最強家族のまったりライフ

もちろう

10話 ノイントちゃん現る






俺がこの世界に来て、歩けるようになったのは、一歳の誕生日を迎えてからだった。通常の赤ん坊にはハイハイからつかまり立ち、伝い歩きの過程があって歩けるようになるのだが、俺にそんな事は必要なかった。なぜなら、俺にはスキルがあるからだ。
身体強化の練習も兼ねて自分に掛けてみるとろくにハイハイもしていなかったのに、立つことができた。
だが、練習不足と身体強化の熟練度も低いのでフラフラとしてしまう。このままじゃ歩くのも辛そうだと思い、俺は前からやろうとしていたことを試してみた。そう、魔力操作の身体強化とスキルの身体強化の重ね掛けだ。
魔力操作のレベルがかなり上がったので、身体の一部だけしか身体強化できなかったのだが、今では多少能力は落ちるが、全身に身体強化をすることができるようになった。だからスキルレベルが高い魔力操作の身体強化も掛ければ、少しはマシに動けるのではと思ったのだ。
というわけで早速試してみる。周囲の魔力を魔力操作で自分に取り込み、自分の身体をその魔力で覆う。

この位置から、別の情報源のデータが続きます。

(* For every prime power $q$, every integer $n\ge -1$ and every integer $k$ with $-1\le k\le\frac{n-1}{2}$, $$f(n,q)\le q^{2k+2}f(n-k-1,q)+f(k,q)+\Bigl(\sum_{i=0}^k q^i\Bigr)\Bigl(\sum_{j=k}^{n-2}q^j\Bigr).$$
   Context: $\mathrm{PG}(n,q)$ is the $n$-dimensional projective space over $\mathbb F_q$. A $(2,1)$-blocking set in $\mathrm{PG}(n,q)$ is a set of lines such that every plane contains at least one of them. For $n\ge -1$, $f(n,q)$ is the smallest possible size of a $(2,1)$-blocking set in $\mathrm{PG}(n,q)$; in particular $f(-1,q)=f(0,q)=f(1,q)=0$. Empty sums are $0$. *)

theory Defs
  imports Complex_Main "HOL-Library.Function_Algebras" "HOL-Library.Cardinality"
begin

text \<open>PG(n,F) is modelled by the vector space F^(n+1), realised as the functions
  nat => F vanishing outside the indices 0..n. A projective subspace of projective
  dimension d corresponds to a linear subspace of (vector) dimension d+1.\<close>

definition scl :: "'a::field \<Rightarrow> (nat \<Rightarrow> 'a) \<Rightarrow> nat \<Rightarrow> 'a" where
  "scl c v = (\<lambda>i. c * v i)"

definition ambient :: "int \<Rightarrow> (nat \<Rightarrow> 'a::field) set" where
  "ambient n = {v. \<forall>i. n < int i \<longrightarrow> v i = 0}"

definition lin_sub :: "int \<Rightarrow> nat \<Rightarrow> (nat \<Rightarrow> 'a::field) set \<Rightarrow> bool" where
  "lin_sub n d W \<longleftrightarrow> W \<subseteq> ambient n \<and> module.subspace scl W \<and> vector_space.dim scl W = d"

definition blocking21 :: "'a::field itself \<Rightarrow> int \<Rightarrow> (nat \<Rightarrow> 'a) set set \<Rightarrow> bool" where
  "blocking21 _ n B \<longleftrightarrow> (\<forall>L\<in>B. lin_sub n 2 L) \<and>
     (\<forall>P::(nat \<Rightarrow> 'a) set. lin_sub n 3 P \<longrightarrow> (\<exists>L\<in>B. L \<subseteq> P))"

text \<open>f(n,q) for q = CARD('a): minimum size of a (2,1)-blocking set in PG(n,'a).\<close>
definition fPG :: "'a::{field,finite} itself \<Rightarrow> int \<Rightarrow> nat" where
  "fPG T n = (LEAST m. \<exists>B. finite B \<and> blocking21 T n B \<and> card B = m)"

end

theory Submission
  imports Defs "HOL-Library.FuncSet"
begin

text \<open>Split the coordinates of \<open>PG(N, q)\<close> into the first \<open>K + 1\<close>, spanning a subspace \<open>A\<close>,
  and the remaining ones, spanning a complementary \<open>PG(N - K - 1, q)\<close>, and pair \<open>A\<close> with the next
  \<open>K + 1\<close> coordinates by \<open>B(x, y) = x_0 y_(K+1) + ... + x_K y_(2K+1)\<close> (here \<open>2K + 1 \<le> N\<close> is used).
  Every plane \<open>P\<close> contains a line of one of three families.  If \<open>P \<subseteq> A\<close>: a line of a smallest
  blocking set of \<open>A\<close>.  If \<open>P\<close> meets \<open>A\<close> without lying in it: \<open>P\<close> contains a point \<open>a \<in> A\<close> and a
  point \<open>w \<notin> A\<close> with \<open>B(a, w) = 0\<close>, and the lines \<open>aw\<close> of this kind are counted by choosing \<open>a\<close>,
  the component of \<open>w\<close> in \<open>A\<close> modulo \<open>a\<close>, and the projection of \<open>w\<close> as a point of the hyperplane
  \<open>B(a, -) = 0\<close> of the complement.  If \<open>P \<inter> A = 0\<close>: \<open>P\<close> projects isomorphically onto a plane of
  the complement, which contains a line of a smallest blocking set there, and that line lifts into
  \<open>P\<close> in one of \<open>q^(2K+2)\<close> ways.\<close>

lemma (in vector_space_pair) dim_image_eq_inj_on:
  assumes "Vector_Spaces.linear s1 s2 f" and "inj_on f (vs1.span S)"
  shows "vs2.dim (f ` S) = vs1.dim S"
proof -
  interpret Vector_Spaces.linear s1 s2 f by fact
  obtain B where B: "B \<subseteq> S" "vs1.independent B" "S \<subseteq> vs1.span B" "card B = vs1.dim S"
    using vs1.basis_exists by blast
  have "vs2.independent (f ` B)"
    using B(1,2) by (intro independent_injective_image inj_on_subset[OF assms(2)] vs1.span_mono)
  moreover have "card (f ` B) = card B"
    using B(1) vs1.span_superset by (intro card_image inj_on_subset[OF assms(2)]) blast
  moreover have "f ` S \<subseteq> vs2.span (f ` B)"
    using B(3) by (rule spans_image)
  ultimately show ?thesis
    using B by (intro vs2.dim_unique[of "f ` B"]) auto
qed

lemma (in vector_space_pair) independent_if_independent_image:
  assumes "Vector_Spaces.linear s1 s2 f" and "vs2.independent (f ` S)" and "inj_on f S"
  shows "vs1.independent S"
proof
  interpret Vector_Spaces.linear s1 s2 f by fact
  assume "vs1.dependent S"
  then obtain x where x: "x \<in> S" "x \<in> vs1.span (S - {x})"
    by (auto simp: vs1.dependent_def)
  then have "f x \<in> vs2.span (f ` (S - {x}))"
    by (simp add: span_image)
  moreover have "f ` (S - {x}) = f ` S - {f x}"
    using assms(3) x(1) by (auto simp: inj_on_def)
  ultimately show False
    using assms(2) x(1) by (auto simp: vs2.dependent_def)
qed

interpretation V: vector_space "scl :: 'a::field \<Rightarrow> (nat \<Rightarrow> 'a) \<Rightarrow> (nat \<Rightarrow> 'a)"
  by unfold_locales (auto simp: scl_def fun_eq_iff algebra_simps)

lemma scl_apply [simp]: "scl c v i = c * v i"
  by (simp add: scl_def)

interpretation V2: vector_space_pair "scl :: 'a::field \<Rightarrow> (nat \<Rightarrow> 'a) \<Rightarrow> (nat \<Rightarrow> 'a)" scl
  by unfold_locales

lemma ambient_nat: "ambient (int K) = {v. \<forall>i>K. v i = 0}"
  by (auto simp: ambient_def)

lemma subspace_ambient: "V.subspace (ambient n)"
  by (auto simp: V.subspace_def ambient_def)

lemma ambient_mono: "m \<le> n \<Longrightarrow> ambient m \<subseteq> ambient n"
  by (auto simp: ambient_def)

lemma lin_sub_span:
  assumes "V.independent B" and "B \<subseteq> ambient n"
  shows "lin_sub n (card B) (V.span B)"
  using assms V.span_minimal[OF _ subspace_ambient]
  by (auto simp: lin_sub_def V.dim_eq_card_independent)

lemma lin_sub_obtain_basis:
  assumes "lin_sub n d W"
  obtains B where "B \<subseteq> W" "V.independent B" "W = V.span B" "card B = d"
proof -
  obtain B where B: "B \<subseteq> W" "V.independent B" "W \<subseteq> V.span B" "card B = V.dim W"
    using V.basis_exists by blast
  moreover have "V.span B \<subseteq> W"
    using B(1) assms by (intro V.span_minimal) (auto simp: lin_sub_def)
  ultimately show ?thesis
    using that assms by (auto simp: lin_sub_def)
qed

lemma independent_pairI:
  assumes "y \<noteq> 0" and "x \<notin> V.span {y}"
  shows "V.independent {x, y}" and "x \<noteq> y"
  using assms V.independent_insertI[of x "{y}"] V.span_base[of y "{y}"] by auto

lemma lin_sub_span_pair:
  assumes "V.independent {x, y}" and "x \<noteq> y" and "x \<in> ambient n" and "y \<in> ambient n"
  shows "lin_sub n 2 (V.span {x, y})"
proof -
  have "card {x, y} = 2"
    using assms(2) by simp
  then show ?thesis
    using lin_sub_span[of "{x, y}" n] assms by (simp add: numeral_2_eq_2)
qed

lemma pair_combination_neq_0:
  assumes "V.independent {x, y}" and "x \<noteq> y" and "r \<noteq> 0 \<or> s \<noteq> 0"
  shows "scl r x + scl s y \<noteq> 0"
proof
  assume "scl r x + scl s y = 0"
  then have sum: "(\<Sum>v\<in>{x, y}. scl (if v = x then r else s) v) = 0"
    using assms(2) by simp
  have "r = 0" "s = 0"
    using V.independentD[OF assms(1) _ order.refl sum, of x]
      V.independentD[OF assms(1) _ order.refl sum, of y] assms(2) by auto
  then show False
    using assms(3) by simp
qed

lemma exists_nontrivial_zero_combination:
  fixes \<alpha> \<beta> :: "'a::field"
  shows "\<exists>r s. (r \<noteq> 0 \<or> s \<noteq> 0) \<and> r * \<alpha> + s * \<beta> = 0"
proof (cases "\<alpha> = 0")
  case True
  then show ?thesis by (intro exI[of _ 1] exI[of _ 0]) simp
next
  case False
  then show ?thesis by (intro exI[of _ \<beta>] exI[of _ "- \<alpha>"]) (simp add: mult.commute)
qed

lemma lin_sub_3_obtain_line:
  assumes "lin_sub n 3 P"
  obtains L where "lin_sub n 2 L" and "L \<subseteq> P"
proof -
  obtain B where B: "B \<subseteq> P" "V.independent B" "P = V.span B" "card B = 3"
    using lin_sub_obtain_basis[OF assms] .
  then obtain x y z where xyz: "B = {x, y, z}" "x \<noteq> y"
    by (metis card_3_iff)
  have P: "V.subspace P" "P \<subseteq> ambient n"
    using assms by (auto simp: lin_sub_def)
  have xyB: "{x, y} \<subseteq> B"
    using xyz(1) by blast
  have "lin_sub n 2 (V.span {x, y})"
    using V.independent_mono[OF B(2) xyB] xyz(2) xyB B(1) P(2) by (intro lin_sub_span_pair) blast+
  moreover have "V.span {x, y} \<subseteq> P"
    using xyB B(1) by (intro V.span_minimal[OF _ P(1)]) blast
  ultimately show ?thesis
    using that by blast
qed

lemma lin_sub_3_extend:
  assumes "lin_sub n 3 P" and "a \<in> P" and "a \<noteq> 0"
  obtains v w where "v \<in> P" "w \<in> P" "V.independent {v, w}" "v \<noteq> w" "a \<notin> V.span {v, w}"
proof -
  have "{a} \<subseteq> P" and "V.independent {a}"
    using assms(2,3) V.independent_insertI[of a "{}"] by simp_all
  then obtain B where B: "{a} \<subseteq> B" "B \<subseteq> P" "V.independent B" "P \<subseteq> V.span B"
    by (rule V.maximal_independent_subset_extend)
  have "card B = 3"
    using V.basis_card_eq_dim[OF B(2,4,3)] assms(1) by (simp add: lin_sub_def)
  then have "card (B - {a}) = 2"
    using B(1) by (simp add: card_Diff_singleton)
  then obtain v w where vw: "B - {a} = {v, w}" "v \<noteq> w"
    by (meson card_2_iff)
  have "a \<notin> V.span (B - {a})"
    using B(1,3) V.dependent_def by (metis insert_subset)
  moreover have "V.independent {v, w}"
    using V.independent_mono[OF B(3)] vw(1) by blast
  moreover have "v \<in> P" "w \<in> P"
    using vw(1) B(2) by auto
  ultimately show ?thesis
    using that vw by simp
qed

section \<open>Counting projective points\<close>

definition vecs_on :: "nat set \<Rightarrow> (nat \<Rightarrow> 'a::zero) set" where
  "vecs_on I = {v. \<forall>j. j \<notin> I \<longrightarrow> v j = 0}"

lemma ambient_eq_vecs_on: "ambient (int K) = vecs_on {..K}"
  by (auto simp: ambient_def vecs_on_def)

lemma bij_betw_vecs_on_PiE: "bij_betw (\<lambda>v. restrict v I) (vecs_on I) (I \<rightarrow>\<^sub>E UNIV)"
  by (rule bij_betw_byWitness[where f' = "\<lambda>f j. if j \<in> I then f j else 0"])
    (auto simp: vecs_on_def fun_eq_iff PiE_def extensional_def)

lemma card_vecs_on:
  assumes "finite I"
  shows "card (vecs_on I :: (nat \<Rightarrow> 'a::{zero,finite}) set) = CARD('a) ^ card I"
proof -
  have "card (vecs_on I :: (nat \<Rightarrow> 'a) set) = card (I \<rightarrow>\<^sub>E (UNIV :: 'a set))"
    by (rule bij_betw_same_card[OF bij_betw_vecs_on_PiE])
  also have "\<dots> = CARD('a) ^ card I"
    using assms by (simp add: card_PiE)
  finally show ?thesis .
qed

lemma finite_vecs_on:
  assumes "finite I"
  shows "finite (vecs_on I :: (nat \<Rightarrow> 'a::{zero,finite}) set)"
proof -
  have "finite (I \<rightarrow>\<^sub>E (UNIV :: 'a set))"
    using assms by (simp add: finite_PiE)
  then show ?thesis
    by (rule bij_betw_finite[OF bij_betw_vecs_on_PiE, THEN iffD2])
qed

こうすることで自身の魔力を消費せずに身体強化をすることができるので、身体に負荷を掛けず身体強化ができるのだ。この方法は訓練の途中に自ら発見した………というのは嘘で無の精霊であるノイントから聞いたことだ。
捏造は良くない。

『《どの口が言いますか》』

はい……反省しております。

………魔力操作の身体強化も掛かったのを確認し、歩き出してみる。
おお!バランスが取れるようになった!これなら問題ないかも。よし、次はおもいっきり走ってみよう。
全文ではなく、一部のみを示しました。